PROBLEM
The lines to reproduce from the material below are those from the one containing "using assms by (intro sums_diff tail_sum_sums)" through the one containing "((shifted_harm a - shifted_harm (real", both included; write them out exactly and add nothing.

AVAILABLE RECORDS
lemma shifted_harm_sums:
  "a \<ge> 0 \<Longrightarrow> (\<lambda>k. 1 / real (Suc k) - 1 / (real (Suc k) + a)) sums shifted_harm a"
  using shifted_harm_pow_sums[of a 1] by (simp add: shifted_harm_def shifted_harm_pow_def)

lemma shifted_harm_0 [simp]: "shifted_harm 0 = 0"
  by (simp add: shifted_harm_def)

lemma shifted_harm_pow_plus_1:
  assumes "a \<ge> 0" "m \<ge> 1"
  shows "shifted_harm_pow m (a + 1) = shifted_harm_pow m a + 1 / (a + 1) ^ m"
proof -
  define g where "g k = 1 / (real k + (a + 1)) ^ m" for k
  have "g \<longlonglongrightarrow> 0"
    unfolding g_def using assms by (intro LIMSEQ_inverse_add_power_0) auto
  then have "(\<lambda>k. g k - g (Suc k)) sums g 0"
    using telescope_sums' by fastforce
  then have "(\<lambda>k. (1 / real (Suc k) ^ m - 1 / (real (Suc k) + a) ^ m) + (g k - g (Suc k)))
      sums (shifted_harm_pow m a + g 0)"
    using assms by (intro sums_add shifted_harm_pow_sums)
  moreover have "(\<lambda>k. 1 / real (Suc k) ^ m - 1 / (real (Suc k) + (a + 1)) ^ m)
      sums shifted_harm_pow m (a + 1)"
    using assms by (intro shifted_harm_pow_sums) auto
  ultimately show ?thesis
    by (simp add: sums_unique2 g_def algebra_simps)
qed

lemma shifted_harm_plus_1: "a \<ge> 0 \<Longrightarrow> shifted_harm (a + 1) = shifted_harm a + 1 / (a + 1)"
  using shifted_harm_pow_plus_1[of a 1] by (simp add: shifted_harm_def shifted_harm_pow_def)

lemma inverse_shifted_power_sums:
  "a \<ge> 0 \<Longrightarrow> m \<ge> 2 \<Longrightarrow>
    (\<lambda>k. 1 / (real (Suc k) + a) ^ m) sums (zeta_real m - shifted_harm_pow m a)"
  using sums_diff[OF zeta_real_sums shifted_harm_pow_sums, of m a m] by simp

lemma shifted_harm_diff_sums:
  "a \<ge> 0 \<Longrightarrow> b \<ge> 0 \<Longrightarrow>
    (\<lambda>k. 1 / (real (Suc k) + b) - 1 / (real (Suc k) + a)) sums (shifted_harm a - shifted_harm b)"
  using sums_diff[OF shifted_harm_sums shifted_harm_sums, of a b] by simp

lemma zeta_real_2_minus_shifted_harm_pow_bounds:
  assumes "y > 0"
  shows "0 \<le> zeta_real 2 - shifted_harm_pow 2 y" "zeta_real 2 - shifted_harm_pow 2 y \<le> 1 / y"
proof -
  have tail: "(\<lambda>k. 1 / (real (Suc k) + y) ^ 2) sums (zeta_real 2 - shifted_harm_pow 2 y)"
    using assms by (intro inverse_shifted_power_sums) auto
  then show "0 \<le> zeta_real 2 - shifted_harm_pow 2 y"
    using sums_le[OF _ sums_zero tail] by simp
  define g where "g k = 1 / (real k + y)" for k
  have "g \<longlonglongrightarrow> 0"
    unfolding g_def using LIMSEQ_inverse_add_power_0[of 1 y] assms by simp
  then have "(\<lambda>k. g k - g (Suc k)) sums g 0"
    using telescope_sums' by fastforce
  moreover have "1 / (real (Suc k) + y) ^ 2 \<le> g k - g (Suc k)" for k
  proof -
    have "g k - g (Suc k) = 1 / ((real k + y) * (real k + 1 + y))"
      unfolding g_def using assms by (simp add: field_simps)
    moreover have "(real k + y) * (real k + 1 + y) \<le> (real k + 1 + y) ^ 2"
      using assms by (simp add: power2_eq_square mult_right_mono)
    ultimately show ?thesis
      using assms by (simp add: frac_le ac_simps)
  qed
  ultimately show "zeta_real 2 - shifted_harm_pow 2 y \<le> 1 / y"
    using sums_le[OF _ tail] by (fastforce simp: g_def)
qed

definition tail_sum :: "real \<Rightarrow> nat \<Rightarrow> real" where
  "tail_sum a s =
     (\<Sum>n. (shifted_harm_pow 2 (real (Suc n) + a) - zeta_real 2) / (real (Suc n) + real s))"

lemma summable_tail_sum_terms:
  assumes "a \<ge> 0"
  shows "summable (\<lambda>n. (shifted_harm_pow 2 (real (Suc n) + a) - zeta_real 2) / (real (Suc n) + real s))"
proof (rule summable_comparison_test'[where N = 0, OF summable_inverse_Suc_power[of 2]])
  fix n :: nat
  have pos: "real (Suc n) + a > 0"
    using assms by simp
  note bounds = zeta_real_2_minus_shifted_harm_pow_bounds[OF pos]
  have "zeta_real 2 - shifted_harm_pow 2 (real (Suc n) + a) \<le> 1 / real (Suc n)"
    using bounds(2) assms frac_le[of 1 1 "real (Suc n)" "real (Suc n) + a"] by fastforce
  then have "(zeta_real 2 - shifted_harm_pow 2 (real (Suc n) + a)) / (real (Suc n) + real s)
      \<le> (1 / real (Suc n)) / real (Suc n)"
    using bounds(1) by (intro frac_le) auto
  with bounds(1) show "norm ((shifted_harm_pow 2 (real (Suc n) + a) - zeta_real 2) / (real (Suc n) + real s))
      \<le> 1 / real (Suc n) ^ 2"
    by (simp add: abs_divide abs_of_nonpos power2_eq_square)
qed simp

lemma tail_sum_sums:
  "a \<ge> 0 \<Longrightarrow> (\<lambda>n. (shifted_harm_pow 2 (real (Suc n) + a) - zeta_real 2) / (real (Suc n) + real s))
     sums tail_sum a s"
  unfolding tail_sum_def by (intro summable_sums summable_tail_sum_terms)

lemma tail_sum_Suc:
  assumes "a \<ge> 1"
  shows "tail_sum a (Suc s) = tail_sum (a - 1) s - (shifted_harm_pow 2 a - zeta_real 2) / (real s + 1)"
proof -
  have summable: "summable (\<lambda>n. (shifted_harm_pow 2 (real (Suc n) + (a - 1)) - zeta_real 2) / (real (Suc n) + real s))"
    using assms by (intro summable_tail_sum_terms) simp
  have "tail_sum a (Suc s) =
      (\<Sum>n. (\<lambda>n. (shifted_harm_pow 2 (real (Suc n) + (a - 1)) - zeta_real 2) / (real (Suc n) + real s)) (Suc n))"
    unfolding tail_sum_def by (rule suminf_cong) (simp add: algebra_simps)
  also have "\<dots> = tail_sum (a - 1) s - (shifted_harm_pow 2 a - zeta_real 2) / (real s + 1)"
    unfolding tail_sum_def by (subst suminf_split_head[OF summable]) (simp add: add.commute)
  finally show ?thesis .
qed

lemma inverse_square_times_inverse_sums:
  assumes "0 \<le> b" "b < a"
  shows "(\<lambda>n. 1 / ((real (Suc n) + a) ^ 2 * (real (Suc n) + b))) sums
     ((shifted_harm a - shifted_harm b) / (a - b) ^ 2 - (zeta_real 2 - shifted_harm_pow 2 a) / (a - b))"
proof -
  have "(\<lambda>n. (1 / (real (Suc n) + b) - 1 / (real (Suc n) + a)) / (a - b) ^ 2
      - 1 / (real (Suc n) + a) ^ 2 / (a - b)) sums
     ((shifted_harm a - shifted_harm b) / (a - b) ^ 2 - (zeta_real 2 - shifted_harm_pow 2 a) / (a - b))"
    using assms by (intro sums_diff sums_divide shifted_harm_diff_sums inverse_shifted_power_sums) auto
  moreover have "(1 / (x + b) - 1 / (x + a)) / (a - b) ^ 2 - 1 / (x + a) ^ 2 / (a - b)
      = 1 / ((x + a) ^ 2 * (x + b))" if "x > 0" for x
  proof -
    have "x + b \<noteq> 0" "x + a \<noteq> 0" "a \<noteq> b"
      using that assms by auto
    then show ?thesis
      by (simp add: divide_simps) (simp add: algebra_simps power2_eq_square)
  qed
  ultimately show ?thesis
    by simp
qed

lemma tail_sum_arg_diff:
  assumes "a \<ge> 1" "real s < a"
  shows "tail_sum a s - tail_sum (a - 1) s =
    (shifted_harm a - shifted_harm (real s)) / (a - real s) ^ 2
      - (zeta_real 2 - shifted_harm_pow 2 a) / (a - real s)"
proof (rule sums_unique2)
  have "(\<lambda>n. (shifted_harm_pow 2 (real (Suc n) + a) - zeta_real 2) / (real (Suc n) + real s)
      - (shifted_harm_pow 2 (real (Suc n) + (a - 1)) - zeta_real 2) / (real (Suc n) + real s))
      sums (tail_sum a s - tail_sum (a - 1) s)"
    using assms by (intro sums_diff tail_sum_sums) auto
  moreover have "shifted_harm_pow 2 (real (Suc n) + a) =
      shifted_harm_pow 2 (real (Suc n) + (a - 1)) + 1 / (real (Suc n) + a) ^ 2" for n
    using assms shifted_harm_pow_plus_1[of "real (Suc n) + (a - 1)" 2] by (simp add: add_ac)
  ultimately show "(\<lambda>n. 1 / ((real (Suc n) + a) ^ 2 * (real (Suc n) + real s)))
      sums (tail_sum a s - tail_sum (a - 1) s)"
    by (simp add: diff_divide_distrib [symmetric])
  show "(\<lambda>n. 1 / ((real (Suc n) + a) ^ 2 * (real (Suc n) + real s))) sums
      ((shifted_harm a - shifted_harm (real s)) / (a - real s) ^ 2
        - (zeta_real 2 - shifted_harm_pow 2 a) / (a - real s))"
    using assms by (intro inverse_square_times_inverse_sums) auto
qed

SOLUTION
    using assms by (intro sums_diff tail_sum_sums) auto
  moreover have "shifted_harm_pow 2 (real (Suc n) + a) =
      shifted_harm_pow 2 (real (Suc n) + (a - 1)) + 1 / (real (Suc n) + a) ^ 2" for n
    using assms shifted_harm_pow_plus_1[of "real (Suc n) + (a - 1)" 2] by (simp add: add_ac)
  ultimately show "(\<lambda>n. 1 / ((real (Suc n) + a) ^ 2 * (real (Suc n) + real s)))
      sums (tail_sum a s - tail_sum (a - 1) s)"
    by (simp add: diff_divide_distrib [symmetric])
  show "(\<lambda>n. 1 / ((real (Suc n) + a) ^ 2 * (real (Suc n) + real s))) sums
      ((shifted_harm a - shifted_harm (real s)) / (a - real s) ^ 2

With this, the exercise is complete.